#### [RECORDS FOR THE EXERCISE]

--------------------------------

(* Let $Q$ be a countable quandle which is semi-latin at $\hat q\in Q$, equipped with a circular order or a right order, and let $(q_i)_{i\ge1}$ be an enumeration of $Q$ with $q_1=\hat q$. Then the dynamical realization $\rho$ constructed from $(q_i)$ acts freely on $\iota(\hat q)$, i.e. for $q\ne r$ in $Q$ one has $\rho(q)(\iota(\hat q))\neq\rho(r)(\iota(\hat q))$.
   Context: Quandle: set with operation $*$ satisfying $q*q=q$, unique right division, and $(q*r)*s=(q*s)*(r*s)$. Semi-latin at $\hat q$: $r\mapsto\hat q*r$ is injective. A circular order is $c:Q^3\to\{-1,0,1\}$ vanishing exactly on triples with a repeated entry, satisfying $c(q_2,q_3,q_4)-c(q_1,q_3,q_4)+c(q_1,q_2,q_4)-c(q_1,q_2,q_3)=0$ and $c(q_1*q,q_2*q,q_3*q)=c(q_1,q_2,q_3)$. A right order is a total order with $q_1<q_2\Rightarrow q_1*q<q_2*q$. Dynamical realization (circular case): define $\iota:Q\to S^1$ by choosing distinct $\iota(q_1),\iota(q_2)$ and letting $\iota(q_n)$ be the midpoint of the unique component of $S^1\setminus\{\iota(q_1),\dots,\iota(q_{n-1})\}$ with $c(q_i,q_j,q_k)=\mathrm{ord}(\iota(q_i),\iota(q_j),\iota(q_k))$ for all $i,j,k\le n$ ($\mathrm{ord}$ the standard cyclic orientation). Right order case: $\iota:Q\to\mathbb{R}$, $\iota(q_1)$ arbitrary, $\iota(q_n)$ equal to (minimum previous value)$-1$, (maximum previous value)$+1$, or the midpoint of its immediate neighbours' values according to the position of $q_n$ among $q_1,\dots,q_{n-1}$. In both cases $\rho(q)(\iota(r))=\iota(r*q)$ on $\iota(Q)$, extended continuously to the closure and affinely on complementary intervals. *)

theory Defs
  imports Complex_Main "HOL-Library.Countable_Set"
begin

--------------------------------

#### [PROBLEM REQUIREMENTS]
Your task is to retype the records precisely as they stand.

#### [EXPECTED ANSWER]
(* Let $Q$ be a countable quandle which is semi-latin at $\hat q\in Q$, equipped with a circular order or a right order, and let $(q_i)_{i\ge1}$ be an enumeration of $Q$ with $q_1=\hat q$. Then the dynamical realization $\rho$ constructed from $(q_i)$ acts freely on $\iota(\hat q)$, i.e. for $q\ne r$ in $Q$ one has $\rho(q)(\iota(\hat q))\neq\rho(r)(\iota(\hat q))$.
   Context: Quandle: set with operation $*$ satisfying $q*q=q$, unique right division, and $(q*r)*s=(q*s)*(r*s)$. Semi-latin at $\hat q$: $r\mapsto\hat q*r$ is injective. A circular order is $c:Q^3\to\{-1,0,1\}$ vanishing exactly on triples with a repeated entry, satisfying $c(q_2,q_3,q_4)-c(q_1,q_3,q_4)+c(q_1,q_2,q_4)-c(q_1,q_2,q_3)=0$ and $c(q_1*q,q_2*q,q_3*q)=c(q_1,q_2,q_3)$. A right order is a total order with $q_1<q_2\Rightarrow q_1*q<q_2*q$. Dynamical realization (circular case): define $\iota:Q\to S^1$ by choosing distinct $\iota(q_1),\iota(q_2)$ and letting $\iota(q_n)$ be the midpoint of the unique component of $S^1\setminus\{\iota(q_1),\dots,\iota(q_{n-1})\}$ with $c(q_i,q_j,q_k)=\mathrm{ord}(\iota(q_i),\iota(q_j),\iota(q_k))$ for all $i,j,k\le n$ ($\mathrm{ord}$ the standard cyclic orientation). Right order case: $\iota:Q\to\mathbb{R}$, $\iota(q_1)$ arbitrary, $\iota(q_n)$ equal to (minimum previous value)$-1$, (maximum previous value)$+1$, or the midpoint of its immediate neighbours' values according to the position of $q_n$ among $q_1,\dots,q_{n-1}$. In both cases $\rho(q)(\iota(r))=\iota(r*q)$ on $\iota(Q)$, extended continuously to the closure and affinely on complementary intervals. *)

theory Defs
  imports Complex_Main "HOL-Library.Countable_Set"
begin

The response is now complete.